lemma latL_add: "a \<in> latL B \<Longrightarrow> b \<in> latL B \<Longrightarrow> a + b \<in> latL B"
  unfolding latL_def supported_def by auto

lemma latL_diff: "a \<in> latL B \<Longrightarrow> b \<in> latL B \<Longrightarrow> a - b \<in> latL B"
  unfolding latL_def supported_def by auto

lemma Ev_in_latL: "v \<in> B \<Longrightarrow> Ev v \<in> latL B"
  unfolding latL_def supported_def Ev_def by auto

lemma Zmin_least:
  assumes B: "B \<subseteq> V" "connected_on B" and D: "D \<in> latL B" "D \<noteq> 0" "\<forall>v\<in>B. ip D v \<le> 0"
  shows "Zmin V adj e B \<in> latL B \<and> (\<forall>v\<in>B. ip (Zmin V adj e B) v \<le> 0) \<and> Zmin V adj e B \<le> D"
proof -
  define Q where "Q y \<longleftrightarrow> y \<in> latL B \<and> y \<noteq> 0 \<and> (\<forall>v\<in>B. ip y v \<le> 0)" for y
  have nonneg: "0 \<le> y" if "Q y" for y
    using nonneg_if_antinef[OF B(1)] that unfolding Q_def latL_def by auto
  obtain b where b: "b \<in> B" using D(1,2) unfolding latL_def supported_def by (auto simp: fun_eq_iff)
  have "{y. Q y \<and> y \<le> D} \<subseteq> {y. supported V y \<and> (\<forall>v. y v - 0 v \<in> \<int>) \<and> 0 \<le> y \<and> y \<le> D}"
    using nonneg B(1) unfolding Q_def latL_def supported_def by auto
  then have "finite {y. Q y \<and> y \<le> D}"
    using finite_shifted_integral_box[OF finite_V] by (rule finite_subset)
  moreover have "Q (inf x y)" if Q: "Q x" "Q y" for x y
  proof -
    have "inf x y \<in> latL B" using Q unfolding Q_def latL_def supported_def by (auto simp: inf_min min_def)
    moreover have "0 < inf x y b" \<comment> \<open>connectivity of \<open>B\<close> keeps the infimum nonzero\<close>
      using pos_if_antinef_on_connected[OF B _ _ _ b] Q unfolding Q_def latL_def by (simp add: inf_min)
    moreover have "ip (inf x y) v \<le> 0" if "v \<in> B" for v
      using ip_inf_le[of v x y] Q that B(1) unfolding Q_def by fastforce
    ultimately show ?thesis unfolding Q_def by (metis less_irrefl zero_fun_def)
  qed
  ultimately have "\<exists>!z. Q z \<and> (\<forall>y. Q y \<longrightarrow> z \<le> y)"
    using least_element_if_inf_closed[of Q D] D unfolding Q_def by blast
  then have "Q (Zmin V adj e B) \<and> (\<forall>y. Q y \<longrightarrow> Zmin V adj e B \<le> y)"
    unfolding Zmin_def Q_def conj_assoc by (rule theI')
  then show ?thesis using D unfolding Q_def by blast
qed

+ + +

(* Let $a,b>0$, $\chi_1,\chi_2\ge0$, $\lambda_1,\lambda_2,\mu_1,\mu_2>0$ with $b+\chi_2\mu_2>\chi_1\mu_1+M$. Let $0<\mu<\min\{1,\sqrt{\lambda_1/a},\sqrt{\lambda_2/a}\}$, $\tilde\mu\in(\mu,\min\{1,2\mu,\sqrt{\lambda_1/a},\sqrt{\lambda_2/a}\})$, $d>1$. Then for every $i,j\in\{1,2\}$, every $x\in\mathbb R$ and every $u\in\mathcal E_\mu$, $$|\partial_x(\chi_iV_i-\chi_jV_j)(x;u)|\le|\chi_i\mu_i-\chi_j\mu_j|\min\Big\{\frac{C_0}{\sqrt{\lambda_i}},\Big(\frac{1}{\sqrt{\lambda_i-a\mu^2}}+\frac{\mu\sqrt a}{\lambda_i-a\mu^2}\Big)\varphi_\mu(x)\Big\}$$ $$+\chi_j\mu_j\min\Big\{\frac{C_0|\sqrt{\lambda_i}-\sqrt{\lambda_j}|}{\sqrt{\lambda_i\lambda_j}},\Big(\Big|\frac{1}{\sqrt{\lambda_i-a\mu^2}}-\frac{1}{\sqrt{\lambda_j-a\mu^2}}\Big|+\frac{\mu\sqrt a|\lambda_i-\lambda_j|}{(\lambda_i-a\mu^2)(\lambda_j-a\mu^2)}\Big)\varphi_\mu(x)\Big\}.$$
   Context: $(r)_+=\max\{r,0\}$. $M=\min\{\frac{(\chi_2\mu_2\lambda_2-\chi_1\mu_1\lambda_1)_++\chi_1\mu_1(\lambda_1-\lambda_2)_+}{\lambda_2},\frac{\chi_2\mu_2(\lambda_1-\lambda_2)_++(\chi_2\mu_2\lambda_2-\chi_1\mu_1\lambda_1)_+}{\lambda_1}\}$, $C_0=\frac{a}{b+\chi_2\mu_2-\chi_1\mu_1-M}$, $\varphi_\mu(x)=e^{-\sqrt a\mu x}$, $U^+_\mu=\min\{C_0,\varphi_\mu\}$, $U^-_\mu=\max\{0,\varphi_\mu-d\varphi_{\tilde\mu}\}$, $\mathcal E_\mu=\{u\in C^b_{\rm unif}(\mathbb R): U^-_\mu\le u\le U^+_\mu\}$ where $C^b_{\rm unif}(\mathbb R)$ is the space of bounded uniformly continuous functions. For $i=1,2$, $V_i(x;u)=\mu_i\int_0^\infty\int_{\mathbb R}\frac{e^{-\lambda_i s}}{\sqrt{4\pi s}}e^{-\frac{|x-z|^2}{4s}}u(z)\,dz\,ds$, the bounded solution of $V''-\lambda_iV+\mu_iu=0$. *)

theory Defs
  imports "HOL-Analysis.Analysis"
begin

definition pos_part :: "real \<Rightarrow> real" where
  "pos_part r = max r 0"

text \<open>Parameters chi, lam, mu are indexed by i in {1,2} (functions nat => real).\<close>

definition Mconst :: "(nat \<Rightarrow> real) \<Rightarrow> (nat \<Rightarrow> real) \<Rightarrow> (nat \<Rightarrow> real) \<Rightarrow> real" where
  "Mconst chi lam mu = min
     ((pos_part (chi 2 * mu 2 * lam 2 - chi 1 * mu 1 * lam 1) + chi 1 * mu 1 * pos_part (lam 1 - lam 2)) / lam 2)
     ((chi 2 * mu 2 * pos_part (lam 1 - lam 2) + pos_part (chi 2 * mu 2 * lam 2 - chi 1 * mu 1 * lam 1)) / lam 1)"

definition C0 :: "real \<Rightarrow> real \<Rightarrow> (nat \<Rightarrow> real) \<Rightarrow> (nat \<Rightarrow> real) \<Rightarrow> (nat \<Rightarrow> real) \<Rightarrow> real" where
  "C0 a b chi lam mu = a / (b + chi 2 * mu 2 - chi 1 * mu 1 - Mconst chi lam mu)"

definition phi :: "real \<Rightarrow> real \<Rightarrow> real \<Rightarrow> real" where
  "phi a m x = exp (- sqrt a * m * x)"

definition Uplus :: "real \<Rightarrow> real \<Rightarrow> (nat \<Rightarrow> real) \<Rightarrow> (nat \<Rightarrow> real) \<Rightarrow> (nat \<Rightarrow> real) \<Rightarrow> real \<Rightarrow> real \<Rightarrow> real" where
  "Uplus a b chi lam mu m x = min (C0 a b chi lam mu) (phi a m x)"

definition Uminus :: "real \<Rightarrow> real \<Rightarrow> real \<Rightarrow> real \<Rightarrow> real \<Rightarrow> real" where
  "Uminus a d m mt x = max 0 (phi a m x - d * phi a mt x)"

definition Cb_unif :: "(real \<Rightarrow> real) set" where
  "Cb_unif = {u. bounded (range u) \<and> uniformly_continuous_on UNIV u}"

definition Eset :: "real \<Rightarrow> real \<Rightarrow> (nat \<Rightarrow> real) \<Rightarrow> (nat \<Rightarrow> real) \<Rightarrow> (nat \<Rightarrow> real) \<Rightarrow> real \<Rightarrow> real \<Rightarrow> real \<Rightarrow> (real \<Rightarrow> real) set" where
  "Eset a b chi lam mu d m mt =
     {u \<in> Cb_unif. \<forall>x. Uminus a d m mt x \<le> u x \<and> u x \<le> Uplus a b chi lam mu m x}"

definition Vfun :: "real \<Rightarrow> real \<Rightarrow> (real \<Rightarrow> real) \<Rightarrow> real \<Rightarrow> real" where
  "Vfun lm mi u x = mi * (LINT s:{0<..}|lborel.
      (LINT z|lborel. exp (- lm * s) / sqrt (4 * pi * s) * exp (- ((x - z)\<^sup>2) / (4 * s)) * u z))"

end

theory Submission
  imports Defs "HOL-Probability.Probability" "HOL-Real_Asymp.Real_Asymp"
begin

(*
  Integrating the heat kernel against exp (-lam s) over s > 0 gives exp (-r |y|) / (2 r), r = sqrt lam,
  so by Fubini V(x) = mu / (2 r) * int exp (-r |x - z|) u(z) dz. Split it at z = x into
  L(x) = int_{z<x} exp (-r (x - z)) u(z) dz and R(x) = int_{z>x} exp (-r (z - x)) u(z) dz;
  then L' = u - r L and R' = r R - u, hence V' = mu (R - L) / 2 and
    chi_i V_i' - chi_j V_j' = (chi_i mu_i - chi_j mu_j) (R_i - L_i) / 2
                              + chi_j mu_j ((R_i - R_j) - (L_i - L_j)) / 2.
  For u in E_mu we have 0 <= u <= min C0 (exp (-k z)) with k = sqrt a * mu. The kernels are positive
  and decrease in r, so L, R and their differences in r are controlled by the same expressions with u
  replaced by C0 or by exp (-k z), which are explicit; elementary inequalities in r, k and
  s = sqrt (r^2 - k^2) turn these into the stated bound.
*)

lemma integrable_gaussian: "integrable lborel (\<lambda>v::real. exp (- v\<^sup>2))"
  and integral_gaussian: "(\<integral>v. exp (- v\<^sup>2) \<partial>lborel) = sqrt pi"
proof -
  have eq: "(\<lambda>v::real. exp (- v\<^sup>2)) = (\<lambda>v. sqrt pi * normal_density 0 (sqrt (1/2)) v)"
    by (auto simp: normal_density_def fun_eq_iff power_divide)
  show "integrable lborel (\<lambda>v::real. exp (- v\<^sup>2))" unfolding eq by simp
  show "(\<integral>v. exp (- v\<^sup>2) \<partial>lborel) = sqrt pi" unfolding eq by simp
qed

+ + +

Using the data above, extract exactly the lines from the one that holds "B \<Longrightarrow> a +" to the one that holds "unfolding Zmin_def Q_def", both ends included, and no others.

lemma latL_add: "a \<in> latL B \<Longrightarrow> b \<in> latL B \<Longrightarrow> a + b \<in> latL B"
  unfolding latL_def supported_def by auto

lemma latL_diff: "a \<in> latL B \<Longrightarrow> b \<in> latL B \<Longrightarrow> a - b \<in> latL B"
  unfolding latL_def supported_def by auto

lemma Ev_in_latL: "v \<in> B \<Longrightarrow> Ev v \<in> latL B"
  unfolding latL_def supported_def Ev_def by auto

lemma Zmin_least:
  assumes B: "B \<subseteq> V" "connected_on B" and D: "D \<in> latL B" "D \<noteq> 0" "\<forall>v\<in>B. ip D v \<le> 0"
  shows "Zmin V adj e B \<in> latL B \<and> (\<forall>v\<in>B. ip (Zmin V adj e B) v \<le> 0) \<and> Zmin V adj e B \<le> D"
proof -
  define Q where "Q y \<longleftrightarrow> y \<in> latL B \<and> y \<noteq> 0 \<and> (\<forall>v\<in>B. ip y v \<le> 0)" for y
  have nonneg: "0 \<le> y" if "Q y" for y
    using nonneg_if_antinef[OF B(1)] that unfolding Q_def latL_def by auto
  obtain b where b: "b \<in> B" using D(1,2) unfolding latL_def supported_def by (auto simp: fun_eq_iff)
  have "{y. Q y \<and> y \<le> D} \<subseteq> {y. supported V y \<and> (\<forall>v. y v - 0 v \<in> \<int>) \<and> 0 \<le> y \<and> y \<le> D}"
    using nonneg B(1) unfolding Q_def latL_def supported_def by auto
  then have "finite {y. Q y \<and> y \<le> D}"
    using finite_shifted_integral_box[OF finite_V] by (rule finite_subset)
  moreover have "Q (inf x y)" if Q: "Q x" "Q y" for x y
  proof -
    have "inf x y \<in> latL B" using Q unfolding Q_def latL_def supported_def by (auto simp: inf_min min_def)
    moreover have "0 < inf x y b" \<comment> \<open>connectivity of \<open>B\<close> keeps the infimum nonzero\<close>
      using pos_if_antinef_on_connected[OF B _ _ _ b] Q unfolding Q_def latL_def by (simp add: inf_min)
    moreover have "ip (inf x y) v \<le> 0" if "v \<in> B" for v
      using ip_inf_le[of v x y] Q that B(1) unfolding Q_def by fastforce
    ultimately show ?thesis unfolding Q_def by (metis less_irrefl zero_fun_def)
  qed
  ultimately have "\<exists>!z. Q z \<and> (\<forall>y. Q y \<longrightarrow> z \<le> y)"
    using least_element_if_inf_closed[of Q D] D unfolding Q_def by blast
  then have "Q (Zmin V adj e B) \<and> (\<forall>y. Q y \<longrightarrow> Zmin V adj e B \<le> y)"
    unfolding Zmin_def Q_def conj_assoc by (rule theI')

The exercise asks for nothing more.